How does the trust document control distribution timing?
The timing of distributions is meticulously defined in the trust document itself. A well-drafted trust will specify “triggering events” for distributions – milestones like reaching a certain age (e.g., 30, 35, or 40), completing a degree, or facing a documented financial hardship. The grantor can dictate that distributions occur in stages—a smaller amount at age 25, a larger amount at age 35, and the remaining balance at a later date. Ted Cook, a San Diego Estate Planning Attorney, emphasizes the importance of clear and unambiguous language in the trust document to avoid disputes among beneficiaries. For example, a clause might state: “Distributions shall be made in equal annual installments beginning when the beneficiary reaches age 30, provided they are actively employed or enrolled in a degree-granting program.” It’s important to remember that the trustee has a fiduciary duty to act in the best interests of the beneficiaries, even when adhering to the grantor’s instructions.

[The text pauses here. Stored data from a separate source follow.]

lemma crosses_quad_edge_if_leaves_quad:
  fixes u v a b c c' :: pt
  assumes T: "is_triangulation P T" and t: "{a, b, c} \<in> T" "{a, b, c'} \<in> T"
    and Q: "convex_quad {a, b, c} {a, b, c'}"
    and uv: "u \<in> P" "u \<noteq> v" "P \<inter> convex hull {u, v} \<subseteq> {u, v}"
    and cr: "crosses {u, v} {c, c'}"
    and v: "v \<notin> convex hull {a, b, c} \<union> convex hull {a, b, c'}"
  shows "\<exists>y\<in>{{a, b}, {a, c}, {b, c}, {a, c'}, {b, c'}}. crosses y {u, v}"
proof -
  define Qs where "Qs = convex hull {a, b, c} \<union> convex hull {a, b, c'}"
  have cq: "\<forall>p \<in> {a, b, c} \<union> {a, b, c'}. p \<notin> convex hull (({a, b, c} \<union> {a, b, c'}) - {p})"
    "convex Qs"
    using Q unfolding convex_quad_def Qs_def by blast+
  from cr obtain z where z: "z \<in> convex hull {u, v}" "z \<in> convex hull {c, c'}"
    and cuv: "{u, v} \<inter> {c, c'} = {}"
    unfolding crosses_def by blast
  have PQ: "x \<in> {a, b, c, c'}" if "x \<in> P" "x \<in> Qs" for x
    using that triangulation_point_in_hull_face[OF T t(1) subset_refl]
      triangulation_point_in_hull_face[OF T t(2) subset_refl] unfolding Qs_def by blast
  have "{c, c'} \<subseteq> Qs" unfolding Qs_def by (auto intro: hull_inc)
  then have zQ: "z \<in> Qs" using z(2) cq(2) hull_minimal by blast
  obtain t0 where t0: "0 \<le> t0" "t0 \<le> 1" "z = u + t0 *\<^sub>R (v - u)"
    using z(1) in_convex_hull_2_iff by blast
  have "z \<noteq> u"
  proof
    assume zu: "z = u"
    then have "u \<in> {a, b, c, c'}" using PQ uv(1) zQ by blast
    then have "u \<in> {a, b, c} \<union> {a, b, c'}" by blast
    moreover have "convex hull {c, c'} \<subseteq> convex hull (({a, b, c} \<union> {a, b, c'}) - {u})"
      using cuv by (intro hull_mono) auto
    ultimately show False using cq(1) z(2) zu by blast
  qed
  then have "0 < t0" using t0 by (cases "t0 = 0") auto
  moreover have "closed Qs" unfolding Qs_def by (intro closed_Un compact_imp_closed compact_convex_hull) auto
  ultimately obtain \<beta> where leaves: "leaves_at u v Qs \<beta>"
    using leaves_atE[of Qs t0 u v] t0 zQ v unfolding Qs_def by blast
  define w where "w = u + \<beta> *\<^sub>R (v - u)"
  have b: "0 < \<beta>" "\<beta> < 1" using leaves unfolding leaves_at_def w_def by auto
  have "w \<in> convex hull {u, v}" unfolding w_def in_convex_hull_2_iff using b by (intro exI[of _ \<beta>]) auto
  moreover have "w \<noteq> u" using b uv(2) unfolding w_def by simp
  moreover have "w \<noteq> v"
  proof
    assume "w = v"
    then have "(1 - \<beta>) *\<^sub>R (v - u) = 0" unfolding w_def by (auto simp: algebra_simps)
    then show False using b uv(2) by simp
  qed
  ultimately have wP: "w \<notin> P" using uv(3) by blast
  then show ?thesis
    using crosses_quad_edge_at_exit[OF T t _ _ uv(2)] leaves unfolding w_def Qs_def by blast
qed

lemma crosses_quad_edge_if_crosses_diagonal:
  fixes a b c c' :: pt
  assumes T: "is_triangulation P T" and t: "{a, b, c} \<in> T" "{a, b, c'} \<in> T"
    and Q: "convex_quad {a, b, c} {a, b, c'}"
    and T0: "is_triangulation P T0" and e: "e \<in> edges T0"
    and cr: "crosses e {c, c'}" and ne: "e \<noteq> {a, b}"
  shows "\<exists>y\<in>{{a, b}, {a, c}, {b, c}, {a, c'}, {b, c'}}. crosses y e"
proof -
  obtain t0 where t0: "t0 \<in> T0" "e \<subseteq> t0" and "card e = 2" using e unfolding edges_def by blast
  then obtain u v where uv: "e = {u, v}" "u \<noteq> v" by (meson card_2_iff)
  have P: "u \<in> P" "v \<in> P" using triangulation_triangleD(1)[OF T0 t0(1)] t0(2) uv(1) by auto
  have nopts: "P \<inter> convex hull {u, v} \<subseteq> {u, v}" "P \<inter> convex hull {v, u} \<subseteq> {v, u}"
    using triangulation_edge_hull_points[OF T0 e] uv(1) by (auto simp: insert_commute)
  have cuv: "{u, v} \<inter> {c, c'} = {}" using cr uv(1) unfolding crosses_def by blast
  let ?Q = "convex hull {a, b, c} \<union> convex hull {a, b, c'}"
  consider "v \<notin> ?Q" | "u \<notin> ?Q" | "u \<in> ?Q" "v \<in> ?Q" by blast
  then show ?thesis
  proof cases
    case 1
    then show ?thesis
      using crosses_quad_edge_if_leaves_quad[OF T t Q P(1) uv(2) nopts(1)] cr uv(1) by blast
  next
    case 2
    have "crosses {v, u} {c, c'}" using cr uv(1) by (simp add: insert_commute)
    then show ?thesis
      using crosses_quad_edge_if_leaves_quad[OF T t Q P(2) uv(2)[symmetric] nopts(2)] 2 uv(1)
      by (simp add: insert_commute)
  next
    case 3
    then have "u \<in> {a, b}" "v \<in> {a, b}"
      using triangulation_point_in_hull_face[OF T t(1) subset_refl]
        triangulation_point_in_hull_face[OF T t(2) subset_refl] P cuv by blast+
    then have "e = {a, b}" using uv by auto
    then show ?thesis using ne by simp
  qed
qed

section \<open>Flips\<close>

lemma Tr_Suc:
  assumes "j < length F"
  shows "Tr T F (Suc j) = do_flip (Tr T F j) (eps F (Suc j))"
  using assms unfolding Tr_def eps_def by (simp add: take_Suc_conv_app_nth)

text \<open>That \<open>do_flip T g\<close> is again a triangulation shows that no third triangle contains \<open>g\<close>.\<close>

lemma admissible_flipE:
  assumes T: "is_triangulation P T" and T': "is_triangulation P (do_flip T g)"
    and adm: "admissible T g"
  obtains a b c c' where "g = {a, b}" "a \<noteq> b" "{a, b, c} \<in> T" "{a, b, c'} \<in> T"
    "c \<notin> {a, b}" "c' \<notin> {a, b}" "c \<noteq> c'" "convex_quad {a, b, c} {a, b, c'}"
    "other_diag T g = {c, c'}"
proof -
  from adm obtain t1 t2 where "g \<in> edges T" and t: "t1 \<in> T" "t2 \<in> T" "t1 \<noteq> t2"
    "g \<subseteq> t1" "g \<subseteq> t2" "convex_quad t1 t2"
    unfolding admissible_def by blast
  then have g2: "card g = 2" unfolding edges_def by blast
  then obtain a b where ab: "g = {a, b}" "a \<noteq> b" by (meson card_2_iff)
  have c3: "card t1 = 3" "card t2 = 3" using triangulation_triangleD(2)[OF T] t(1,2) by auto
  then have "finite t1" "finite t2" by (auto intro: card_ge_0_finite)
  then have "card (t1 - g) = 1" "card (t2 - g) = 1"
    using t(4,5) g2 c3 by (simp_all add: card_Diff_subset finite_subset)
  then obtain c c' where c: "t1 - g = {c}" and c': "t2 - g = {c'}" by (meson card_1_singletonE)
  have t1e: "t1 = {a, b, c}" using t(4) c ab(1) by blast
  have t2e: "t2 = {a, b, c'}" using t(5) c' ab(1) by blast
  have cab: "c \<notin> {a, b}" "c' \<notin> {a, b}" using c c' ab(1) by blast+
  have cc: "c \<noteq> c'" using t1e t2e t(3) by auto
  define D where "D = other_diag T g"
  have cD: "{c, c'} \<subseteq> D" unfolding D_def other_diag_def using t c c' by blast
  have "insert a D \<in> do_flip T g" unfolding do_flip_def D_def using ab(1) by blast
  then have D3: "card (insert a D) = 3" using triangulation_triangleD(2)[OF T'] by blast
  then have fD: "finite D" using card_ge_0_finite[of "insert a D"] by simp
  moreover have "a \<notin> D" unfolding D_def other_diag_def using ab(1) by blast
  ultimately have "card D = card {c, c'}" using D3 cc by simp
  then have "D = {c, c'}" using card_subset_eq[OF fD cD] by simp
  then have "other_diag T g = {c, c'}" unfolding D_def .
  moreover have "{a, b, c} \<in> T" "{a, b, c'} \<in> T" "convex_quad {a, b, c} {a, b, c'}"
    using t(1,2,6) unfolding t1e t2e by simp_all
  ultimately show ?thesis using that ab cab cc by blast
qed

lemma edges_do_flip:
  assumes "{a, b, c} \<in> T" "{a, b, c'} \<in> T" "other_diag T {a, b} = {c, c'}" "c \<noteq> c'"
    and x: "x \<in> edges (do_flip T {a, b})"
  shows "x \<in> edges T \<or> x = {c, c'}"
proof -
  from x obtain t where t: "t \<in> do_flip T {a, b}" "x \<subseteq> t" and cx: "card x = 2"
    unfolding edges_def by blast
  show ?thesis
  proof (cases "t \<in> T")
    case True then show ?thesis using t(2) cx unfolding edges_def by blast
  next
    case False
    then have "t \<in> (\<lambda>a'. insert a' {c, c'}) ` {a, b}"
      using t(1) assms(3) unfolding do_flip_def by simp
    then obtain a' where a': "a' \<in> {a, b}" "t = {a', c, c'}" by blast
    show ?thesis
    proof (cases "{c, c'} \<subseteq> x")
      case True
      moreover have "finite x" using cx card_ge_0_finite[of x] by simp
      ultimately show ?thesis using card_subset_eq[of x "{c, c'}"] cx assms(4) by simp
    next
      case False
      then have "x \<subseteq> {a, b, c} \<or> x \<subseteq> {a, b, c'}" using t(2) a' by blast
      then show ?thesis using assms(1,2) cx unfolding edges_def by blast
    qed
  qed
qed

lemma flipped_edge_notin_do_flip:
  assumes "a \<noteq> b" "c \<notin> {a, b}" "c' \<notin> {a, b}" "other_diag T {a, b} = {c, c'}"
  shows "{a, b} \<notin> edges (do_flip T {a, b})"
proof
  assume "{a, b} \<in> edges (do_flip T {a, b})"
  then obtain t where t: "t \<in> do_flip T {a, b}" "{a, b} \<subseteq> t" unfolding edges_def by blast
  then have "t \<in> (\<lambda>a'. insert a' {c, c'}) ` {a, b}"
    using assms(4) unfolding do_flip_def by auto
  then obtain a' where "a' \<in> {a, b}" "t = {a', c, c'}" by blast
  then show False using t(2) assms(1-3) by auto
qed

lemma quad_edge_in_edges:
  assumes "{a, b, c} \<in> T" "{a, b, c'} \<in> T" "a \<noteq> b" "c \<notin> {a, b}" "c' \<notin> {a, b}"
    and y: "y \<in> {{a, b}, {a, c}, {b, c}, {a, c'}, {b, c'}}"
  shows "y \<in> edges T" "y = {a, b} \<or> share_triangle T y {a, b}"
proof -
  have y2: "card y = 2" using y assms(3-5) by auto
  from y have "y \<subseteq> {a, b, c} \<or> y \<subseteq> {a, b, c'}" by auto
  then have t: "\<exists>t\<in>T. y \<subseteq> t \<and> {a, b} \<subseteq> t" using assms(1,2) by auto
  then show "y \<in> edges T" unfolding edges_def using y2 by blast
  show "y = {a, b} \<or> share_triangle T y {a, b}"
  proof (cases "y = {a, b}")
    case False
    then show ?thesis unfolding share_triangle_def using y2 t assms(3) by simp
  qed simp
qed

I had a client, Eleanor, who didn’t delay distributions…
Eleanor was a successful businesswoman who established a bypass trust for her two adult children, both in their early twenties. She wanted them to have access to the funds immediately after her passing, believing they were responsible enough to manage the inheritance. Unfortunately, her eldest son, Mark, quickly succumbed to peer pressure and used his share of the inheritance to finance a lavish lifestyle, ultimately losing it all within a year. Her daughter, Sarah, fared slightly better but lacked the financial literacy to invest wisely and gradually depleted her funds. Eleanor’s intent was to provide her children with a solid financial foundation, but the immediate access to funds resulted in wasted opportunities and financial instability. It was a difficult lesson for her family, and one we often share with clients considering immediate distributions.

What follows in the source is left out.